(* Let $\{A_n\}_{n\geq1}$ be an increasing sequence of finite sets of isolated points of $\mathbb{R}^2$ with $f(n)=\sharp A_n\to+\infty$, $S=\bigcup_n A_n$, and $\{Z(x):x\in S\}$ a random field whose variables all have distribution function $F$. Let $\tau>0$ and $\{u_n(\tau)\}$ be reals with $E\big(\sum_{x\in A_n}\mathbf{1}_{\{Z(x)>u_n(\tau)\}}\big)\to\tau$. For each $n$ let $\mathcal{B}_n=\{B_n^{(s,t)}:s,t=1,\dots,k_n\}$ be a family of $k_n^2$ pairwise disjoint subsets of $A_n$ with $\sharp B_n^{(s,t)}\sim f(n)/k_n^2$ and $P(\bigvee_{x\in A_n}Z(x)\le u_n(\tau))-\prod_{s,t}P(\bigvee_{x\in B_n^{(s,t)}}Z(x)\le u_n(\tau))\to0$. Suppose $\mathbf{Z}_A=\{Z(x):x\in A_n\}_{n\ge1}$ satisfies conditions $D'(u_n(\tau),\mathcal{B}_n)$ and $D(u_n(\tau),k_n,l_n)$. Then $$P\Big(\bigvee_{x\in A_n}Z(x)\le u_n(\tau)\Big)\longrightarrow e^{-\tau}\quad(n\to\infty).$$
   Context: $\bigvee$ is maximum; $\pi_1,\pi_2$ coordinate projections; $f_i(n)=\sharp\pi_i(A_n)$. Condition $D'(u_n,\mathcal B_n)$: $\sum_{B\in\mathcal B_n}\sum_{x,y\in B,\,x\neq y}P(Z(x)>u_n,Z(y)>u_n)\to0$ as $n\to\infty$. The pair $(I,J)$ is in $\mathcal{S}(\pi_i(A_n),l_n)$ if $I,J$ are sets of consecutive values of $\pi_i(A_n)$ separated by at least $l_n$ values of $\pi_i(A_n)$. Condition $D(u_n,k_n,l_n)$: there are positive integer sequences $l_n\to\infty$, $k_n\to\infty$ with $k_nl_nf_i(n)/f(n)\to0$ ($i=1,2$) and $k_n^2\alpha(l_n,u_n)\to0$, where $\alpha(l_n,u_n)=\sup|P(\bigvee_{x\in C\cup D}Z(x)\le u_n)-P(\bigvee_{x\in C}Z(x)\le u_n)P(\bigvee_{x\in D}Z(x)\le u_n)|$ over subsets $C,D\subseteq A_n$ whose $\pi_i$-projections form a pair in $\mathcal{S}(\pi_i(A_n),l_n)$ for each $i$. *)

theory Defs
  imports "HOL-Probability.Probability"
begin

type_synonym point = "real \<times> real"

definition max_le_event :: "'a measure \<Rightarrow> (point \<Rightarrow> 'a \<Rightarrow> real) \<Rightarrow> point set \<Rightarrow> real \<Rightarrow> 'a set" where
  "max_le_event M Z C u = {\<omega> \<in> space M. \<forall>x\<in>C. Z x \<omega> \<le> u}"

definition consecutive_in :: "real set \<Rightarrow> real set \<Rightarrow> bool" where
  "consecutive_in I P \<longleftrightarrow> I \<subseteq> P \<and>
     (\<forall>a\<in>I. \<forall>c\<in>I. \<forall>b\<in>P. a \<le> b \<and> b \<le> c \<longrightarrow> b \<in> I)"

definition sep_pairs :: "real set \<Rightarrow> nat \<Rightarrow> (real set \<times> real set) set" where
  "sep_pairs P l = {(I, J). consecutive_in I P \<and> consecutive_in J P \<and>
     ((\<forall>a\<in>I. \<forall>b\<in>J. a < b \<and> card {p\<in>P. a < p \<and> p < b} \<ge> l) \<or>
      (\<forall>a\<in>I. \<forall>b\<in>J. b < a \<and> card {p\<in>P. b < p \<and> p < a} \<ge> l))}"

definition adm_pairs :: "point set \<Rightarrow> nat \<Rightarrow> (point set \<times> point set) set" where
  "adm_pairs A l = {(C, D). C \<subseteq> A \<and> D \<subseteq> A \<and>
     (fst ` C, fst ` D) \<in> sep_pairs (fst ` A) l \<and>
     (snd ` C, snd ` D) \<in> sep_pairs (snd ` A) l}"

definition mixing_alpha :: "'a measure \<Rightarrow> (point \<Rightarrow> 'a \<Rightarrow> real) \<Rightarrow> point set \<Rightarrow> nat \<Rightarrow> real \<Rightarrow> real" where
  "mixing_alpha M Z A l u = (SUP p \<in> adm_pairs A l.
      \<bar>measure M (max_le_event M Z (fst p \<union> snd p) u)
        - measure M (max_le_event M Z (fst p) u) * measure M (max_le_event M Z (snd p) u)\<bar>)"

definition cond_D' :: "'a measure \<Rightarrow> (point \<Rightarrow> 'a \<Rightarrow> real) \<Rightarrow> (nat \<Rightarrow> real) \<Rightarrow>
    (nat \<Rightarrow> nat) \<Rightarrow> (nat \<Rightarrow> nat \<Rightarrow> nat \<Rightarrow> point set) \<Rightarrow> bool" where
  "cond_D' M Z u k B \<longleftrightarrow>
    (\<lambda>n. \<Sum>Bs\<in>{B n s t | s t. s \<in> {1..k n} \<and> t \<in> {1..k n}}.
          \<Sum>(x, y)\<in>{(x, y). x \<in> Bs \<and> y \<in> Bs \<and> x \<noteq> y}.
             measure M {\<omega> \<in> space M. Z x \<omega> > u n \<and> Z y \<omega> > u n}) \<longlonglongrightarrow> 0"

definition cond_D :: "'a measure \<Rightarrow> (point \<Rightarrow> 'a \<Rightarrow> real) \<Rightarrow> (nat \<Rightarrow> point set) \<Rightarrow>
    (nat \<Rightarrow> real) \<Rightarrow> (nat \<Rightarrow> nat) \<Rightarrow> (nat \<Rightarrow> nat) \<Rightarrow> bool" where
  "cond_D M Z A u k l \<longleftrightarrow>
    (\<forall>n. l n > 0 \<and> k n > 0) \<and> filterlim l at_top sequentially \<and> filterlim k at_top sequentially \<and>
    (\<lambda>n. real (k n) * real (l n) * real (card (fst ` A n)) / real (card (A n))) \<longlonglongrightarrow> 0 \<and>
    (\<lambda>n. real (k n) * real (l n) * real (card (snd ` A n)) / real (card (A n))) \<longlonglongrightarrow> 0 \<and>
    (\<lambda>n. real (k n)^2 * mixing_alpha M Z (A n) (l n) (u n)) \<longlonglongrightarrow> 0"

end

theory Submission
  imports Defs
begin

text \<open>Write p_n = 1 - F(u_n) for the probability of an exceedance Z(x) > u_n. For a single
  block B, the union bound and the second Bonferroni inequality give
    1 - #B p_n <= P(max_B Z <= u_n) <= 1 - #B p_n + sum_{x /= y in B} P(Z(x) > u_n, Z(y) > u_n).
  Summed over the k_n^2 blocks, the error terms are exactly the quantity that D' sends to 0.
  The blocks have asymptotically equal sizes f(n)/k_n^2 and f(n) p_n -> tau (the expected number
  of exceedances), so the numbers #B p_n sum to tau in the limit while each is O(1/k_n^2); hence
  the product of the block probabilities behaves like prod (1 - #B p_n) -> exp(-tau). The assumed
  block approximation transfers this limit to A_n.\<close>

lemma (in finite_measure) measure_UN_ge_Bonferroni:
  assumes "finite C" and "\<And>x. x \<in> C \<Longrightarrow> E x \<in> sets M"
  shows "(\<Sum>x\<in>C. measure M (E x)) - (\<Sum>x\<in>C. \<Sum>y\<in>C-{x}. measure M (E x \<inter> E y))
    \<le> measure M (\<Union>x\<in>C. E x)"
  using assms
proof (induction C rule: finite_induct)
  case empty
  then show ?case by simp
next
  case (insert a C)
  let ?U = "\<Union>x\<in>C. E x"
  have U: "?U \<in> sets M" using insert by (intro sets.finite_UN) auto
  have "measure M (E a \<inter> ?U) = measure M (\<Union>y\<in>C. E a \<inter> E y)"
    by (simp only: Int_UN_distrib)
  also have "\<dots> \<le> (\<Sum>y\<in>C. measure M (E a \<inter> E y))"
    using insert by (intro finite_measure_subadditive_finite) auto
  finally have overlap: "measure M (E a \<inter> ?U) \<le> (\<Sum>y\<in>C. measure M (E a \<inter> E y))" .
  have "measure M (E a \<union> ?U) = measure M (E a) + measure M ?U - measure M (E a \<inter> ?U)"
    using insert U by (intro measure_Un3) (auto simp: fmeasurable_eq_sets)
  moreover have "(\<Sum>x\<in>C. \<Sum>y\<in>C-{x}. measure M (E x \<inter> E y))
      \<le> (\<Sum>x\<in>C. \<Sum>y\<in>insert a C-{x}. measure M (E x \<inter> E y))"
    using insert by (intro sum_mono sum_mono2) auto
  moreover have "insert a C - {a} = C" using insert by auto
  ultimately show ?case using insert overlap by simp
qed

> **The problem**
Find where the line with "A) l \<and>" sits in the material above, then copy exactly from it through the line with "k l \<longleftrightarrow>". Add no other line.

> **Your response**
     (fst ` C, fst ` D) \<in> sep_pairs (fst ` A) l \<and>
     (snd ` C, snd ` D) \<in> sep_pairs (snd ` A) l}"

definition mixing_alpha :: "'a measure \<Rightarrow> (point \<Rightarrow> 'a \<Rightarrow> real) \<Rightarrow> point set \<Rightarrow> nat \<Rightarrow> real \<Rightarrow> real" where
  "mixing_alpha M Z A l u = (SUP p \<in> adm_pairs A l.
      \<bar>measure M (max_le_event M Z (fst p \<union> snd p) u)
        - measure M (max_le_event M Z (fst p) u) * measure M (max_le_event M Z (snd p) u)\<bar>)"

definition cond_D' :: "'a measure \<Rightarrow> (point \<Rightarrow> 'a \<Rightarrow> real) \<Rightarrow> (nat \<Rightarrow> real) \<Rightarrow>
    (nat \<Rightarrow> nat) \<Rightarrow> (nat \<Rightarrow> nat \<Rightarrow> nat \<Rightarrow> point set) \<Rightarrow> bool" where
  "cond_D' M Z u k B \<longleftrightarrow>
    (\<lambda>n. \<Sum>Bs\<in>{B n s t | s t. s \<in> {1..k n} \<and> t \<in> {1..k n}}.
          \<Sum>(x, y)\<in>{(x, y). x \<in> Bs \<and> y \<in> Bs \<and> x \<noteq> y}.
             measure M {\<omega> \<in> space M. Z x \<omega> > u n \<and> Z y \<omega> > u n}) \<longlonglongrightarrow> 0"

definition cond_D :: "'a measure \<Rightarrow> (point \<Rightarrow> 'a \<Rightarrow> real) \<Rightarrow> (nat \<Rightarrow> point set) \<Rightarrow>
    (nat \<Rightarrow> real) \<Rightarrow> (nat \<Rightarrow> nat) \<Rightarrow> (nat \<Rightarrow> nat) \<Rightarrow> bool" where
  "cond_D M Z A u k l \<longleftrightarrow>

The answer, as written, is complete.